How To Eat And Grow Thin

( Originally Published 1914 )


SOMETIMES corpulency is due to over eating and then it may be checked by the "starvation cure" ; but usually this drastic treatment is dangerous and unnecessary. Corpulency (unless it is the result of definite disease) is most commonly caused by wrong eating that is, by eating too much carbonaceous food, such as starches, sugars, oils and other fats. The average diet consists very largely of fat-making foods, beginning with soup and going down through the list of gravied meats, of potatoes, macaroni, bread, butter, cream, cheeses, ending with pastries, puddings and sweets. When such a meal is eaten, accompanied by draughts of beer, or a bottle of wine, there is set up in the body a fat-producing factory and the result, especially for those who are predisposed to corpulency, is inevitable. It follows that the natural cure for corpulency is to stop eating the fat producing foods. Then, slowly the body will use up the excess of fat. This process may take a number of months, the time depending upon the degree of corpulency, but it is a process without danger, without injury to the health, without unpleasant self-sacrifice and, also, the gradual elimination of fat leaves the body healthy and strong and so far from wrinkling or deforming the skin restores it to its natural freshness and beauty.

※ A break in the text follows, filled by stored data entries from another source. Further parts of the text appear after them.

(* Let $A$ be a nonempty finite set with $|A|=n$ and $\Sigma\in\mathbb{R}$. Define $\varphi$ on metrics $d$ on $A$ by $\varphi(d)(x,y)=d(x,\cdot)+d(y,\cdot)-d(x,y)-d(\cdot,\cdot)+\Sigma/n$, and $\psi$ on $\Sigma$-proximities $\sigma$ on $A$ by $\psi(\sigma)(x,y)=\tfrac12(\sigma(x,x)+\sigma(y,y))-\sigma(x,y)$. Then $\psi(\varphi(d))=d$ for every metric $d$ on $A$, and $\varphi(\psi(\sigma))=\sigma$ for every $\Sigma$-proximity $\sigma$ on $A$.
   Context: A metric on $A$ is a function $d:A^2\to\mathbb{R}$ such that for all $x,y,z\in A$: $d(x,y)=0$ iff $x=y$, and $d(x,y)+d(x,z)-d(y,z)\ge 0$. Notation: $d(x,\cdot)=\frac1n\sum_{t\in A}d(x,t)$, $d(\cdot,\cdot)=\frac1{n^2}\sum_{s,t\in A}d(s,t)$ (and likewise for any function on $A^2$). A function $\sigma:A^2\to\mathbb{R}$ is a $\Sigma$-proximity on $A$ if for all $x,y,z\in A$: (1) $\sum_{t\in A}\sigma(x,t)=\Sigma$; (2) $\sigma(x,y)+\sigma(x,z)-\sigma(y,z)\le\sigma(x,x)$, with strict inequality whenever $z=y$ and $x\ne y$. *)

theory Defs
  imports Complex_Main
begin

definition metric_on :: "'a set \<Rightarrow> ('a \<Rightarrow> 'a \<Rightarrow> real) \<Rightarrow> bool" where
  "metric_on A d \<longleftrightarrow>
     (\<forall>x\<in>A. \<forall>y\<in>A. d x y = 0 \<longleftrightarrow> x = y) \<and>
     (\<forall>x\<in>A. \<forall>y\<in>A. \<forall>z\<in>A. d x y + d x z - d y z \<ge> 0)"

definition proximity_on :: "'a set \<Rightarrow> real \<Rightarrow> ('a \<Rightarrow> 'a \<Rightarrow> real) \<Rightarrow> bool" where
  "proximity_on A S \<sigma> \<longleftrightarrow>
     (\<forall>x\<in>A. (\<Sum>t\<in>A. \<sigma> x t) = S) \<and>
     (\<forall>x\<in>A. \<forall>y\<in>A. \<forall>z\<in>A. \<sigma> x y + \<sigma> x z - \<sigma> y z \<le> \<sigma> x x) \<and>
     (\<forall>x\<in>A. \<forall>y\<in>A. x \<noteq> y \<longrightarrow> \<sigma> x y + \<sigma> x y - \<sigma> y y < \<sigma> x x)"

definition avg1 :: "'a set \<Rightarrow> ('a \<Rightarrow> 'a \<Rightarrow> real) \<Rightarrow> 'a \<Rightarrow> real" where
  "avg1 A d x = (\<Sum>t\<in>A. d x t) / real (card A)"

definition avg2 :: "'a set \<Rightarrow> ('a \<Rightarrow> 'a \<Rightarrow> real) \<Rightarrow> real" where
  "avg2 A d = (\<Sum>s\<in>A. \<Sum>t\<in>A. d s t) / (real (card A))^2"

definition phi :: "'a set \<Rightarrow> real \<Rightarrow> ('a \<Rightarrow> 'a \<Rightarrow> real) \<Rightarrow> ('a \<Rightarrow> 'a \<Rightarrow> real)" where
  "phi A S d = (\<lambda>x y. avg1 A d x + avg1 A d y - d x y - avg2 A d + S / real (card A))"

definition psi :: "('a \<Rightarrow> 'a \<Rightarrow> real) \<Rightarrow> ('a \<Rightarrow> 'a \<Rightarrow> real)" where
  "psi \<sigma> = (\<lambda>x y. (\<sigma> x x + \<sigma> y y) / 2 - \<sigma> x y)"

end

theory Submission
  imports Defs
begin

text \<open>Both identities are linear-algebraic: \<open>psi\<close> inverts \<open>phi\<close> up to the diagonal of \<open>d\<close>, which a
  metric kills, and \<open>phi\<close> inverts \<open>psi\<close> up to row-sum corrections, which cancel as soon as all
  rows of \<open>\<sigma>\<close> sum to \<open>S\<close>. No triangle-type inequality is needed in either direction.\<close>

lemma psi_phi: "psi (phi A S d) x y = d x y - (d x x + d y y) / 2"
  by (simp add: psi_def phi_def field_simps)

lemma metric_on_diag_zero: "metric_on A d \<Longrightarrow> x \<in> A \<Longrightarrow> d x x = 0"
  by (simp add: metric_on_def)

lemma avg2_eq_avg1_mean: "avg2 A d = (\<Sum>s\<in>A. avg1 A d s) / real (card A)"
  by (simp add: avg2_def avg1_def sum_divide_distrib[symmetric] power2_eq_square)

lemma avg1_psi:
  assumes "finite A" and "A \<noteq> {}"
  shows "avg1 A (psi \<sigma>) u = \<sigma> u u / 2 + (\<Sum>t\<in>A. \<sigma> t t) / (2 * real (card A)) - avg1 A \<sigma> u"
proof -
  have "card A > 0" using assms by (simp add: card_gt_0_iff)
  then show ?thesis
    by (simp add: avg1_def psi_def sum_subtractf sum.distrib add_divide_distrib
        diff_divide_distrib sum_divide_distrib[symmetric])
qed

lemma phi_psi:
  assumes "finite A" and "A \<noteq> {}" and rows: "\<And>u. u \<in> A \<Longrightarrow> (\<Sum>t\<in>A. \<sigma> u t) = S"
    and "x \<in> A" and "y \<in> A"
  shows "phi A S (psi \<sigma>) x y = \<sigma> x y"
proof -
  define n where "n = real (card A)"
  define \<tau> where "\<tau> = (\<Sum>t\<in>A. \<sigma> t t) / n"
  have "n > 0" using assms by (simp add: n_def card_gt_0_iff)
  have avg1_row: "avg1 A (psi \<sigma>) u = \<sigma> u u / 2 + \<tau> / 2 - S / n" if "u \<in> A" for u
    using avg1_psi[OF assms(1,2)] rows[OF that] by (simp add: avg1_def n_def \<tau>_def)
  have "avg2 A (psi \<sigma>) = (\<Sum>s\<in>A. \<sigma> s s / 2 + \<tau> / 2 - S / n) / n"
    by (simp add: avg2_eq_avg1_mean avg1_row n_def cong: sum.cong)
  also have "\<dots> = \<tau> - S / n"
    using \<open>n > 0\<close> by (simp add: sum_subtractf sum.distrib \<tau>_def n_def field_simps
        sum_divide_distrib[symmetric] sum_distrib_left[symmetric])
  finally have avg2_psi: "avg2 A (psi \<sigma>) = \<tau> - S / n" .
  show ?thesis
    unfolding phi_def avg1_row[OF \<open>x \<in> A\<close>] avg1_row[OF \<open>y \<in> A\<close>] avg2_psi n_def[symmetric]
    by (simp add: psi_def field_simps)
qed

theorem lemma1:
  fixes A :: "'a set" and S :: real
  assumes "finite A" and "A \<noteq> {}"
  shows "(\<forall>d. metric_on A d \<longrightarrow> (\<forall>x\<in>A. \<forall>y\<in>A. psi (phi A S d) x y = d x y))
       \<and> (\<forall>\<sigma>. proximity_on A S \<sigma> \<longrightarrow> (\<forall>x\<in>A. \<forall>y\<in>A. phi A S (psi \<sigma>) x y = \<sigma> x y))"
proof (intro conjI allI impI ballI)
  fix d x y
  assume "metric_on A d" and "x \<in> A" and "y \<in> A"
  then show "psi (phi A S d) x y = d x y"
    by (simp add: psi_phi metric_on_diag_zero)
next
  fix \<sigma> x y
  assume "proximity_on A S \<sigma>" and "x \<in> A" and "y \<in> A"
  then show "phi A S (psi \<sigma>) x y = \<sigma> x y"
    using assms by (intro phi_psi) (auto simp: proximity_on_def)
qed

end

The average loss of weight in those who have faithfully followed the method described in this book is for women about two pounds a week after the first three weeks, during which time very little decrease is noticeable; for men the reduction is a trifle less. A great deal of course depends upon the temperament, the environment and the amount of exercise taken, but anyone who will honestly collaborate in the cure, should lose from twenty to twenty-five pounds in the course of the first three months. And when the desired weight has been attained, the rules need not be so strictly obeyed, but one who has once followed the non-fattening diet is not at all likely ever to return to oily, starchy or sugary food.

Everyone eats too much. Almost all corpulent persons sleep too much. From these two facts the following rule may be deduced : "Eat less than you have been in the habit of eating; and sleep less."

The things you must not eat are these :


1st : Pork, ham, bacon and the fat of any meat.

2nd: Bread, biscuits, crackers, anything made of the flour of wheat, corn, rye, barley, oats, etc. Cereals and "breakfast foods" must never be eaten.

3rd Rice, macaroni, potatoes, corn, dried beans, lentils.

4th: Milk, cream, cheese, butter. 5th: Olive oils, or grease of any kind.

6th: Pies, cakes, puddings, pastries, custards.

7th: Iced creams, sirup-sweetened soda-water, etc.

8th: Candies, bonbons, sweets. 9th: Wines, beers, ales, spirits.

It may seem at first glance that when these things are taken away there is left only a disguised kind of starvation; but the most casual inspection of the Mahdah menus will show that these fattening foods are really superfluous and that more than enough remains to furnish a gourmet's table. What has been taken away is : Starch, sugar, oil and alcohol nothing else; and their removal from the diet of the corpulent person means the certain loss of corpulency. The menus, here given, are based on an exact knowledge of just what must be eaten in or-der to nourish the body without fattening it. They are so combined that they give the variety of food necessary for a normal person in a proper nutritive ratio.

In cooking the various dishes it should be remembered that very little butter, and no oil, fats or grease are to be used. None of the plais given in the menus require fats, flour, or sugar. Where sweetening is necessary crystal lose or saccharine tablets the half-grain tablet is the most convenient-should be used. The recipes not usually printed in cookbooks are printed at the back of this book. When recipes are not given those of any ordinary cookbook may be followed, if it is always borne in mind that flour, sugar, milk, etc., are NOT TO BE USED. But only such dishes as are wholly satisfactory without these fattening ingredients have been given a place in the menus.


Don't sleep too much.

Don't take naps.

Don't overeat, even of lean dishes. Don't eat unless you are hungry. Don't drink with your meals.

Don't drink alcoholic beverages. Don't eat bread except gluten bread toasted, and this in moderation. Don't take a cab—WALK.